### Prompt
Extract all data as written.

--- START ---

(* Let $\mathcal N$ be a monotonic max-sum $(\mathrm{Col},\delta)$-GNN with $L$ layers and aggregation parameters $k_1,\dots,k_L$, and let $C_1,\dots,C_L$ be its layer capacities. Let $\mathcal N'$ be the $(\mathrm{Col},\delta)$-GNN obtained from $\mathcal N$ by replacing each $k_\ell$ by $C_\ell$ (i.e. using $\mathrm{maxsum}_{C_\ell}$ as aggregation in layer $\ell$), leaving everything else unchanged. Then $T_{\mathcal N}(D)=T_{\mathcal N'}(D)$ for every $(\mathrm{Col},\delta)$-dataset $D$.
   Context: Graphs and GNNs. For a finite set of colours $\mathrm{Col}$ and $\delta\in\mathbb N$, a $(\mathrm{Col},\delta)$-graph is $G=\langle V,\{E^c\}_{c\in\mathrm{Col}},\lambda\rangle$ where $V$ is a finite set of vertices, $E^c\subseteq V\times V$ for each colour $c$, and $\lambda$ assigns to each $v\in V$ a feature vector $\mathbf v\in\mathbb R^\delta$; it is Boolean if all feature entries are in $\{0,1\}$. A $(\mathrm{Col},\delta)$-GNN $\mathcal N$ with $L\ge 1$ layers consists of dimensions $\delta_0=\delta,\delta_1,\dots,\delta_{L-1},\delta_L=\delta$; real matrices $A_\ell$ and $B_\ell^c$ of size $\delta_\ell\times\delta_{\ell-1}$ and bias vectors $b_\ell\in\mathbb R^{\delta_\ell}$ for $1\le\ell\le L$, $c\in\mathrm{Col}$; aggregation functions $\mathrm{agg}_\ell$ from finite real multisets to $\mathbb R$ (applied componentwise to finite multisets of vectors); an activation function $\sigma:\mathbb R\to\mathbb R$ and a classification function $\mathrm{cls}:\mathbb R\to\{0,1\}$ (both applied componentwise). Applying $\mathcal N$ to $G$ produces labellings $\lambda_0=\lambda,\lambda_1,\dots,\lambda_L$ where, writing $\mathbf v_\ell$ for the vector of $v$ under $\lambda_\ell$, $\mathbf v_\ell=\sigma\big(A_\ell\mathbf v_{\ell-1}+\sum_{c\in\mathrm{Col}}B_\ell^c\,\mathrm{agg}_\ell(\{\!\{\mathbf u_{\ell-1}\mid (v,u)\in E^c\}\!\})+b_\ell\big)$. The result $\mathcal N(G)$ is the Boolean graph with the same vertices and edges where each $v$ is labelled by $\mathrm{cls}(\mathbf v_L)$. Canonical transformation. The $(\mathrm{Col},\delta)$-signature consists of a binary predicate $E^c$ for each $c\in\mathrm{Col}$ and unary predicates $U_1,\dots,U_\delta$; a $(\mathrm{Col},\delta)$-dataset is a finite set of variable-free atoms (facts) over this signature. Its canonical encoding $\mathrm{enc}(D)$ is the Boolean $(\mathrm{Col},\delta)$-graph with a vertex $v_t$ for each term $t$ occurring in $D$, an edge $(v_t,v_s)\in E^c$ iff $E^c(t,s)\in D$, and feature vectors with $i$-th component $1$ if $U_i(t)\in D$ and $0$ otherwise. The canonical decoding $\mathrm{dec}(G)$ of a Boolean graph whose vertices are of the form $v_t$ contains $E^c(t,s)$ for each edge $(v_t,v_s)\in E^c$ and $U_i(t)$ for each vertex $v_t$ whose $i$-th feature is $1$. Then $T_{\mathcal N}(D)=\mathrm{dec}(\mathcal N(\mathrm{enc}(D)))$. Max-sum aggregation. For $k\in\mathbb N_0\cup\{\infty\}$ and a finite real multiset $S$, let $m=\min(k,|S|)$; $\mathrm{maxsum}_k(S)=0$ if $m=0$, and otherwise it is the sum of the $m$ largest elements of $S$, counting multiplicities. Monotonic max-sum GNN: a $(\mathrm{Col},\delta)$-GNN such that (i) all entries of every $A_\ell$ and $B_\ell^c$ are nonnegative; (ii) each $\mathrm{agg}_\ell$ is $\mathrm{maxsum}_{k_\ell}$ for some $k_\ell\in\mathbb N_0\cup\{\infty\}$; (iii) $\sigma$ is monotonically increasing, unbounded, and has range $\mathbb R_{\ge0}$; (iv) $\mathrm{cls}$ is a step function with some threshold $t\in\mathbb R$: $\mathrm{cls}(t')=0$ for $t'<t$ and $\mathrm{cls}(t')=1$ for $t'\ge t$. Sets $X_\ell^i$. A $(\mathrm{Col},\ell)$-multiset family $\mathcal Y$ assigns to each $c\in\mathrm{Col}$ a finite multiset $\mathcal Y^c$ of vectors of dimension $\delta_\ell$. For $1\le\ell\le L$, $1\le i\le\delta_\ell$, a vector $\mathbf x$ of dimension $\delta_{\ell-1}$ and a $(\mathrm{Col},\ell-1)$-multiset family $\mathcal Y$, let $\mathrm{Val}_\ell^i(\mathbf x,\mathcal Y)$ be the $i$-th component of $A_\ell\mathbf x+\sum_{c}B_\ell^c\,\mathrm{maxsum}_{k_\ell}(\mathcal Y^c)+b_\ell$. Define $X_0^i=\{0,1\}$ for $1\le i\le\delta_0$, and for $\ell\ge1$ let $X_\ell^i$ be the set of all values $\sigma(\mathrm{Val}_\ell^i(\mathbf x,\mathcal Y))$ where $\mathbf x$ ranges over vectors of dimension $\delta_{\ell-1}$ with $x_j\in X_{\ell-1}^j$ for all $j$, and $\mathcal Y$ ranges over $(\mathrm{Col},\ell-1)$-multiset families such that $y_j\in X_{\ell-1}^j$ for all $c$, all $\mathbf y\in\mathcal Y^c$ and all $j$. (Each $X_\ell^i\subseteq\mathbb R_{\ge0}$ and has a least nonzero element whenever it contains a nonzero element.) Capacities. Let $\alpha_L$ be the threshold of $\mathrm{cls}$. For $\ell=L,L-1,\dots,1$ in turn: let $w_\ell$ be the least nonzero entry among all entries of $A_\ell$ and of all $B_\ell^c$, and let $x_\ell$ be the least nonzero number in $\bigcup_i X_{\ell-1}^i$. If $w_\ell$ or $x_\ell$ does not exist, set $C_\ell=C_{\ell-1}=\dots=C_1=0$ and stop. Otherwise let $\beta_\ell$ be the least natural number with $\sigma(\beta_\ell)\ge\alpha_\ell$, let $b_\ell^{\min}$ be the least entry of $b_\ell$, set $C_\ell=\min\big(k_\ell,\lceil(\beta_\ell-b_\ell^{\min})/(w_\ell\cdot x_\ell)\rceil\big)$ and $\alpha_{\ell-1}=(\beta_\ell-b_\ell^{\min})/w_\ell$, and continue with $\ell-1$. The capacity of $\mathcal N$ is $C_{\mathcal N}=\max(C_1,\dots,C_L)$. *)

theory Defs
  imports Complex_Main "HOL-Library.Multiset" "HOL-Library.Extended_Nat"
begin

definition maxsum :: "enat \<Rightarrow> real multiset \<Rightarrow> real" where
  "maxsum k S = (case k of
      \<infinity> \<Rightarrow> sum_mset S
    | enat n \<Rightarrow> sum_list (take n (rev (sorted_list_of_multiset S))))"

text \<open>A (Col,delta)-graph: vertex set, one edge relation per colour (type 'c, finite),
  feature vectors as functions nat => real, components 0..<delta (component i is the
  (i+1)-th feature of the paper).\<close>
record ('c, 'v) graph =
  verts :: "'v set"
  edges :: "'c \<Rightarrow> ('v \<times> 'v) set"
  label :: "'v \<Rightarrow> nat \<Rightarrow> real"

--- END ---

### Exercise solution
(* Let $\mathcal N$ be a monotonic max-sum $(\mathrm{Col},\delta)$-GNN with $L$ layers and aggregation parameters $k_1,\dots,k_L$, and let $C_1,\dots,C_L$ be its layer capacities. Let $\mathcal N'$ be the $(\mathrm{Col},\delta)$-GNN obtained from $\mathcal N$ by replacing each $k_\ell$ by $C_\ell$ (i.e. using $\mathrm{maxsum}_{C_\ell}$ as aggregation in layer $\ell$), leaving everything else unchanged. Then $T_{\mathcal N}(D)=T_{\mathcal N'}(D)$ for every $(\mathrm{Col},\delta)$-dataset $D$.
   Context: Graphs and GNNs. For a finite set of colours $\mathrm{Col}$ and $\delta\in\mathbb N$, a $(\mathrm{Col},\delta)$-graph is $G=\langle V,\{E^c\}_{c\in\mathrm{Col}},\lambda\rangle$ where $V$ is a finite set of vertices, $E^c\subseteq V\times V$ for each colour $c$, and $\lambda$ assigns to each $v\in V$ a feature vector $\mathbf v\in\mathbb R^\delta$; it is Boolean if all feature entries are in $\{0,1\}$. A $(\mathrm{Col},\delta)$-GNN $\mathcal N$ with $L\ge 1$ layers consists of dimensions $\delta_0=\delta,\delta_1,\dots,\delta_{L-1},\delta_L=\delta$; real matrices $A_\ell$ and $B_\ell^c$ of size $\delta_\ell\times\delta_{\ell-1}$ and bias vectors $b_\ell\in\mathbb R^{\delta_\ell}$ for $1\le\ell\le L$, $c\in\mathrm{Col}$; aggregation functions $\mathrm{agg}_\ell$ from finite real multisets to $\mathbb R$ (applied componentwise to finite multisets of vectors); an activation function $\sigma:\mathbb R\to\mathbb R$ and a classification function $\mathrm{cls}:\mathbb R\to\{0,1\}$ (both applied componentwise). Applying $\mathcal N$ to $G$ produces labellings $\lambda_0=\lambda,\lambda_1,\dots,\lambda_L$ where, writing $\mathbf v_\ell$ for the vector of $v$ under $\lambda_\ell$, $\mathbf v_\ell=\sigma\big(A_\ell\mathbf v_{\ell-1}+\sum_{c\in\mathrm{Col}}B_\ell^c\,\mathrm{agg}_\ell(\{\!\{\mathbf u_{\ell-1}\mid (v,u)\in E^c\}\!\})+b_\ell\big)$. The result $\mathcal N(G)$ is the Boolean graph with the same vertices and edges where each $v$ is labelled by $\mathrm{cls}(\mathbf v_L)$. Canonical transformation. The $(\mathrm{Col},\delta)$-signature consists of a binary predicate $E^c$ for each $c\in\mathrm{Col}$ and unary predicates $U_1,\dots,U_\delta$; a $(\mathrm{Col},\delta)$-dataset is a finite set of variable-free atoms (facts) over this signature. Its canonical encoding $\mathrm{enc}(D)$ is the Boolean $(\mathrm{Col},\delta)$-graph with a vertex $v_t$ for each term $t$ occurring in $D$, an edge $(v_t,v_s)\in E^c$ iff $E^c(t,s)\in D$, and feature vectors with $i$-th component $1$ if $U_i(t)\in D$ and $0$ otherwise. The canonical decoding $\mathrm{dec}(G)$ of a Boolean graph whose vertices are of the form $v_t$ contains $E^c(t,s)$ for each edge $(v_t,v_s)\in E^c$ and $U_i(t)$ for each vertex $v_t$ whose $i$-th feature is $1$. Then $T_{\mathcal N}(D)=\mathrm{dec}(\mathcal N(\mathrm{enc}(D)))$. Max-sum aggregation. For $k\in\mathbb N_0\cup\{\infty\}$ and a finite real multiset $S$, let $m=\min(k,|S|)$; $\mathrm{maxsum}_k(S)=0$ if $m=0$, and otherwise it is the sum of the $m$ largest elements of $S$, counting multiplicities. Monotonic max-sum GNN: a $(\mathrm{Col},\delta)$-GNN such that (i) all entries of every $A_\ell$ and $B_\ell^c$ are nonnegative; (ii) each $\mathrm{agg}_\ell$ is $\mathrm{maxsum}_{k_\ell}$ for some $k_\ell\in\mathbb N_0\cup\{\infty\}$; (iii) $\sigma$ is monotonically increasing, unbounded, and has range $\mathbb R_{\ge0}$; (iv) $\mathrm{cls}$ is a step function with some threshold $t\in\mathbb R$: $\mathrm{cls}(t')=0$ for $t'<t$ and $\mathrm{cls}(t')=1$ for $t'\ge t$. Sets $X_\ell^i$. A $(\mathrm{Col},\ell)$-multiset family $\mathcal Y$ assigns to each $c\in\mathrm{Col}$ a finite multiset $\mathcal Y^c$ of vectors of dimension $\delta_\ell$. For $1\le\ell\le L$, $1\le i\le\delta_\ell$, a vector $\mathbf x$ of dimension $\delta_{\ell-1}$ and a $(\mathrm{Col},\ell-1)$-multiset family $\mathcal Y$, let $\mathrm{Val}_\ell^i(\mathbf x,\mathcal Y)$ be the $i$-th component of $A_\ell\mathbf x+\sum_{c}B_\ell^c\,\mathrm{maxsum}_{k_\ell}(\mathcal Y^c)+b_\ell$. Define $X_0^i=\{0,1\}$ for $1\le i\le\delta_0$, and for $\ell\ge1$ let $X_\ell^i$ be the set of all values $\sigma(\mathrm{Val}_\ell^i(\mathbf x,\mathcal Y))$ where $\mathbf x$ ranges over vectors of dimension $\delta_{\ell-1}$ with $x_j\in X_{\ell-1}^j$ for all $j$, and $\mathcal Y$ ranges over $(\mathrm{Col},\ell-1)$-multiset families such that $y_j\in X_{\ell-1}^j$ for all $c$, all $\mathbf y\in\mathcal Y^c$ and all $j$. (Each $X_\ell^i\subseteq\mathbb R_{\ge0}$ and has a least nonzero element whenever it contains a nonzero element.) Capacities. Let $\alpha_L$ be the threshold of $\mathrm{cls}$. For $\ell=L,L-1,\dots,1$ in turn: let $w_\ell$ be the least nonzero entry among all entries of $A_\ell$ and of all $B_\ell^c$, and let $x_\ell$ be the least nonzero number in $\bigcup_i X_{\ell-1}^i$. If $w_\ell$ or $x_\ell$ does not exist, set $C_\ell=C_{\ell-1}=\dots=C_1=0$ and stop. Otherwise let $\beta_\ell$ be the least natural number with $\sigma(\beta_\ell)\ge\alpha_\ell$, let $b_\ell^{\min}$ be the least entry of $b_\ell$, set $C_\ell=\min\big(k_\ell,\lceil(\beta_\ell-b_\ell^{\min})/(w_\ell\cdot x_\ell)\rceil\big)$ and $\alpha_{\ell-1}=(\beta_\ell-b_\ell^{\min})/w_\ell$, and continue with $\ell-1$. The capacity of $\mathcal N$ is $C_{\mathcal N}=\max(C_1,\dots,C_L)$. *)

theory Defs
  imports Complex_Main "HOL-Library.Multiset" "HOL-Library.Extended_Nat"
begin

definition maxsum :: "enat \<Rightarrow> real multiset \<Rightarrow> real" where
  "maxsum k S = (case k of
      \<infinity> \<Rightarrow> sum_mset S
    | enat n \<Rightarrow> sum_list (take n (rev (sorted_list_of_multiset S))))"

text \<open>A (Col,delta)-graph: vertex set, one edge relation per colour (type 'c, finite),
  feature vectors as functions nat => real, components 0..<delta (component i is the
  (i+1)-th feature of the paper).\<close>
record ('c, 'v) graph =
  verts :: "'v set"
  edges :: "'c \<Rightarrow> ('v \<times> 'v) set"
  label :: "'v \<Rightarrow> nat \<Rightarrow> real"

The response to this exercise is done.